= James Henry (writer) =

British comedy writer

James Henry is a British comedy screenwriter, best known for his work on Green Wing, Campus and co-writing ITV's The Delivery Man.

==Career==
He began his career writing for sketch show Smack the Pony and went on to form the writing team for Green Wing. He has also worked on children's television programs Hey Duggee and Bob the Builder, and would contribute to several other series, such as Shaun the Sheep and Dr.
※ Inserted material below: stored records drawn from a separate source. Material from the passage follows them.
(* Let $\mathcal{M}$ be a topological space, $T:\mathcal{M}\to\mathcal{M}$ a map, and $\mu$ a positive measure on $\mathcal{M}$ such that $\phi\mapsto\phi\circ T$ is a well-defined operator $\mathcal{K}:L_2(\mu)\to L_2(\mu)$, and assume $\mathcal{K}$ is bounded. Let $(\psi_i)_{i=1}^\infty$ be an orthonormal basis of $L_2(\mu)$, $\mathcal{F}_N=\mathrm{span}\{\psi_1,\dots,\psi_N\}$, $P_N^\mu$ the $L_2(\mu)$-orthogonal projection onto $\mathcal{F}_N$, and $\mathcal{K}_N=P_N^\mu\mathcal{K}|_{\mathcal{F}_N}:\mathcal{F}_N\to\mathcal{F}_N$. Let $f\in L_2(\mu)^n$ be a vector observable (operators acting componentwise). Then for every $\Omega\in\mathbb{N}$, \[ \lim_{N\to\infty}\sup_{i\in\{1,\dots,\Omega\}}\|(\mathcal{K}_N)^iP_N^\mu f-\mathcal{K}^if\|=0. \] In particular, if $f\in\mathcal{F}_{N_0}^n$ for some $N_0\in\mathbb{N}$, then \[ \lim_{N\to\infty}\sup_{i\in\{1,\dots,\Omega\}}\|(\mathcal{K}_N)^if-\mathcal{K}^if\|=0. \]
   Context: $\mathcal{K}\phi=\phi\circ T$ is the Koopman operator. For $f=(f_1,\dots,f_n)\in L_2(\mu)^n$, $\|f\|:=\sum_{i=1}^n\|f_i\|_{L_2(\mu)}$. *)

theory Defs
  imports "HOL-Analysis.Analysis"
begin

text \<open>Square-integrable complex-valued functions (representatives of elements of L2(mu)).\<close>
definition L2 :: "'a measure \<Rightarrow> ('a \<Rightarrow> complex) set" where
  "L2 M = {f \<in> borel_measurable M. integrable M (\<lambda>x. (cmod (f x))\<^sup>2)}"

definition l2norm :: "'a measure \<Rightarrow> ('a \<Rightarrow> complex) \<Rightarrow> real" where
  "l2norm M f = sqrt (\<integral>x. (cmod (f x))\<^sup>2 \<partial>M)"

definition l2inner :: "'a measure \<Rightarrow> ('a \<Rightarrow> complex) \<Rightarrow> ('a \<Rightarrow> complex) \<Rightarrow> complex" where
  "l2inner M f g = (\<integral>x. f x * cnj (g x) \<partial>M)"

definition koopman :: "('a \<Rightarrow> 'a) \<Rightarrow> ('a \<Rightarrow> complex) \<Rightarrow> ('a \<Rightarrow> complex)" where
  "koopman T \<phi> = \<phi> \<circ> T"

definition koopman_L2_bounded :: "'a measure \<Rightarrow> ('a \<Rightarrow> 'a) \<Rightarrow> bool" where
  "koopman_L2_bounded M T \<longleftrightarrow>
     T \<in> measurable M M \<and>
     (\<forall>\<phi>\<in>L2 M. koopman T \<phi> \<in> L2 M) \<and>
     (\<forall>\<phi>\<in>L2 M. \<forall>\<psi>\<in>L2 M. (AE x in M. \<phi> x = \<psi> x) \<longrightarrow>
         (AE x in M. koopman T \<phi> x = koopman T \<psi> x)) \<and>
     (\<exists>C. \<forall>\<phi>\<in>L2 M. l2norm M (koopman T \<phi>) \<le> C * l2norm M \<phi>)"

text \<open>An orthonormal basis (psi_i), indexed from 0, of L2(M): orthonormal and with dense span.\<close>
definition orthonormal_basis_L2 :: "'a measure \<Rightarrow> (nat \<Rightarrow> 'a \<Rightarrow> complex) \<Rightarrow> bool" where
  "orthonormal_basis_L2 M \<psi> \<longleftrightarrow>
     (\<forall>i. \<psi> i \<in> L2 M) \<and>
     (\<forall>i j. l2inner M (\<psi> i) (\<psi> j) = (if i = j then 1 else 0)) \<and>
     (\<forall>f\<in>L2 M. \<forall>\<epsilon>>0. \<exists>N c. l2norm M (\<lambda>x. f x - (\<Sum>i<N. c i * \<psi> i x)) < \<epsilon>)"

text \<open>Orthogonal projection onto F_N = span {psi_i | i < N} (for an orthonormal family).\<close>
definition projN :: "'a measure \<Rightarrow> (nat \<Rightarrow> 'a \<Rightarrow> complex) \<Rightarrow> nat \<Rightarrow> ('a \<Rightarrow> complex) \<Rightarrow> ('a \<Rightarrow> complex)" where
  "projN M \<psi> N f = (\<lambda>x. \<Sum>i<N. l2inner M f (\<psi> i) * \<psi> i x)"

definition koopmanN :: "'a measure \<Rightarrow> (nat \<Rightarrow> 'a \<Rightarrow> complex) \<Rightarrow> ('a \<Rightarrow> 'a) \<Rightarrow> nat \<Rightarrow> ('a \<Rightarrow> complex) \<Rightarrow> ('a \<Rightarrow> complex)" where
  "koopmanN M \<psi> T N g = projN M \<psi> N (koopman T g)"

definition inFN :: "'a measure \<Rightarrow> (nat \<Rightarrow> 'a \<Rightarrow> complex) \<Rightarrow> nat \<Rightarrow> ('a \<Rightarrow> complex) \<Rightarrow> bool" where
  "inFN M \<psi> N g \<longleftrightarrow> (\<exists>c. AE x in M. g x = (\<Sum>i<N. c i * \<psi> i x))"

definition vnorm :: "'a measure \<Rightarrow> nat \<Rightarrow> (nat \<Rightarrow> 'a \<Rightarrow> complex) \<Rightarrow> real" where
  "vnorm M n f = (\<Sum>j<n. l2norm M (f j))"

end

theory Submission
  imports Defs
begin

text \<open>Writing \<open>a\<^sub>N = K\<^sub>N\<^sup>i P\<^sub>N f\<close> and \<open>b = K\<^sup>i f\<close>, one has
  \<open>K\<^sub>N a\<^sub>N - K b = P\<^sub>N K (a\<^sub>N - b) + (P\<^sub>N K b - K b)\<close>. The first term is bounded by
  \<open>\<parallel>K\<parallel> \<parallel>a\<^sub>N - b\<parallel>\<close> by Bessel's inequality and tends to zero by the induction hypothesis;
  the second tends to zero because the truncated expansions of \<open>K b\<close> converge to it,
  the truncation being a best approximation from \<open>F\<^sub>N\<close>. A supremum over finitely many
  exponents and a sum over finitely many components preserve convergence to zero.
  If \<open>f \<in> F\<^sub>N\<^sub>0\<close>, then \<open>P\<^sub>N f = f\<close> almost everywhere for \<open>N \<ge> N\<^sub>0\<close>, and \<open>K\<^sub>N\<close> does not
  distinguish functions that agree almost everywhere.\<close>

lemma cmod_add_squared_le: "(cmod (a + b))\<^sup>2 \<le> 2 * (cmod a)\<^sup>2 + 2 * (cmod b)\<^sup>2"
proof -
  have "(cmod (a + b))\<^sup>2 \<le> (cmod a + cmod b)\<^sup>2"
    by (simp add: power_mono norm_triangle_ineq)
  also have "\<dots> \<le> 2 * (cmod a)\<^sup>2 + 2 * (cmod b)\<^sup>2"
    using sum_squares_bound[of "cmod a" "cmod b"] by (simp add: power2_sum)
  finally show ?thesis .
qed

lemma cmod_mult_cnj_le: "cmod (a * cnj b) \<le> (cmod a)\<^sup>2 + (cmod b)\<^sup>2"
proof -
  have "2 * (cmod a * cmod b) \<le> (cmod a)\<^sup>2 + (cmod b)\<^sup>2"
    using sum_squares_bound[of "cmod a" "cmod b"] by simp
  moreover have "0 \<le> cmod a * cmod b" by simp
  moreover have "cmod (a * cnj b) = cmod a * cmod b" by (simp add: norm_mult)
  ultimately show ?thesis by linarith
qed

lemma cmod_add_squared: "(cmod (a + b))\<^sup>2 = (cmod a)\<^sup>2 + (cmod b)\<^sup>2 + 2 * Re (a * cnj b)"
  unfolding cmod_power2 by (simp add: power2_eq_square algebra_simps)

lemma borel_measurable_cnj [measurable]: "cnj \<in> borel_measurable borel"
  by (intro borel_measurable_continuous_onI continuous_intros)

section \<open>The space L2\<close>

lemma L2_add:
  assumes "f \<in> L2 M" "g \<in> L2 M"
  shows "(\<lambda>x. f x + g x) \<in> L2 M"
proof -
  have [measurable]: "f \<in> borel_measurable M" "g \<in> borel_measurable M"
    using assms by (auto simp: L2_def)
  have "integrable M (\<lambda>x. 2 * (cmod (f x))\<^sup>2 + 2 * (cmod (g x))\<^sup>2)"
    using assms by (simp add: L2_def)
  then have "integrable M (\<lambda>x. (cmod (f x + g x))\<^sup>2)"
    by (rule Bochner_Integration.integrable_bound) (auto intro!: AE_I2 cmod_add_squared_le)
  then show ?thesis by (simp add: L2_def)
qed

lemma L2_cmult:
  assumes "f \<in> L2 M"
  shows "(\<lambda>x. c * f x) \<in> L2 M"
proof -
  have [measurable]: "f \<in> borel_measurable M" using assms by (simp add: L2_def)
  have "integrable M (\<lambda>x. (cmod c)\<^sup>2 * (cmod (f x))\<^sup>2)" using assms by (simp add: L2_def)
  then show ?thesis by (simp add: L2_def norm_mult power_mult_distrib)
qed

lemma L2_diff: "f \<in> L2 M \<Longrightarrow> g \<in> L2 M \<Longrightarrow> (\<lambda>x. f x - g x) \<in> L2 M"
  using L2_add[of f M "\<lambda>x. - 1 * g x"] L2_cmult[of g M "- 1"] by simp

lemma L2_sum:
  assumes "\<And>i. i \<in> I \<Longrightarrow> g i \<in> L2 M"
  shows "(\<lambda>x. \<Sum>i\<in>I. c i * g i x) \<in> L2 M"
  using assms
proof (induction I rule: infinite_finite_induct)
  case (insert a A)
  then show ?case by (simp add: L2_add L2_cmult)
qed (simp_all add: L2_def)

lemma integrable_mult_cnj_L2:
  assumes "f \<in> L2 M" "g \<in> L2 M"
  shows "integrable M (\<lambda>x. f x * cnj (g x))"
proof -
  have [measurable]: "f \<in> borel_measurable M" "g \<in> borel_measurable M"
    using assms by (auto simp: L2_def)
  have "integrable M (\<lambda>x. (cmod (f x))\<^sup>2 + (cmod (g x))\<^sup>2)" using assms by (simp add: L2_def)
  then show ?thesis
    by (rule Bochner_Integration.integrable_bound) (auto intro!: AE_I2 cmod_mult_cnj_le)
qed

definition l2sqnorm :: "'a measure \<Rightarrow> ('a \<Rightarrow> complex) \<Rightarrow> real" where
  "l2sqnorm M f = (\<integral>x. (cmod (f x))\<^sup>2 \<partial>M)"

lemma l2sqnorm_nonneg: "0 \<le> l2sqnorm M f"
  unfolding l2sqnorm_def by (rule integral_nonneg_AE) simp

lemma l2norm_eq_sqrt_l2sqnorm: "l2norm M f = sqrt (l2sqnorm M f)"
  by (simp add: l2norm_def l2sqnorm_def)

lemma l2norm_nonneg: "0 \<le> l2norm M f"
  by (simp add: l2norm_eq_sqrt_l2sqnorm l2sqnorm_nonneg)

lemma l2sqnorm_eq_power2_l2norm: "l2sqnorm M f = (l2norm M f)\<^sup>2"
  by (simp add: l2norm_eq_sqrt_l2sqnorm l2sqnorm_nonneg)

lemma l2sqnorm_diff_commute: "l2sqnorm M (\<lambda>x. a x - b x) = l2sqnorm M (\<lambda>x. b x - a x)"
  unfolding l2sqnorm_def by (simp add: norm_minus_commute)

lemma l2sqnorm_add:
  assumes "a \<in> L2 M" "b \<in> L2 M"
  shows "l2sqnorm M (\<lambda>x. a x + b x) = l2sqnorm M a + l2sqnorm M b + 2 * Re (l2inner M a b)"
proof -
  have ip: "integrable M (\<lambda>x. a x * cnj (b x))" by (rule integrable_mult_cnj_L2[OF assms])
  define r where "r x = Re (a x * cnj (b x))" for x
  have "integrable M r"
    unfolding r_def by (rule integrable_bounded_linear[OF bounded_linear_Re ip])
  moreover have "(\<lambda>x. (cmod (a x + b x))\<^sup>2) = (\<lambda>x. (cmod (a x))\<^sup>2 + (cmod (b x))\<^sup>2 + 2 * r x)"
    by (simp add: r_def cmod_add_squared)
  ultimately have "l2sqnorm M (\<lambda>x. a x + b x) = l2sqnorm M a + l2sqnorm M b + 2 * integral\<^sup>L M r"
    using assms unfolding l2sqnorm_def by (simp add: L2_def)
  also have "integral\<^sup>L M r = Re (l2inner M a b)"
    unfolding r_def l2inner_def by (rule integral_Re[OF ip])
  finally show ?thesis .
qed

lemma l2sqnorm_add_orthogonal:
  "a \<in> L2 M \<Longrightarrow> b \<in> L2 M \<Longrightarrow> l2inner M a b = 0 \<Longrightarrow>
    l2sqnorm M (\<lambda>x. a x + b x) = l2sqnorm M a + l2sqnorm M b"
  by (simp add: l2sqnorm_add)

lemma l2sqnorm_add_le:
  assumes "a \<in> L2 M" "b \<in> L2 M"
  shows "l2sqnorm M (\<lambda>x. a x + b x) \<le> 2 * l2sqnorm M a + 2 * l2sqnorm M b"
proof -
  have "l2sqnorm M (\<lambda>x. a x + b x) \<le> (\<integral>x. 2 * (cmod (a x))\<^sup>2 + 2 * (cmod (b x))\<^sup>2 \<partial>M)"
    unfolding l2sqnorm_def using assms L2_add[OF assms]
    by (intro integral_mono) (auto simp: L2_def cmod_add_squared_le)
  also have "\<dots> = 2 * l2sqnorm M a + 2 * l2sqnorm M b"
    using assms by (simp add: L2_def l2sqnorm_def)
  finally show ?thesis .
qed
Panda.

He co-hosted a screenwriting podcast with Matthew Graham, Script Rambles, where the two walk and talk about the UK film and TV industry. He has lectured on television at Falmouth University. His Radio 4 sketch show, Wosson Cornwall, was selected as BBC Radio Comedy of the Week and the ITV sitcom Piglets is currently in production.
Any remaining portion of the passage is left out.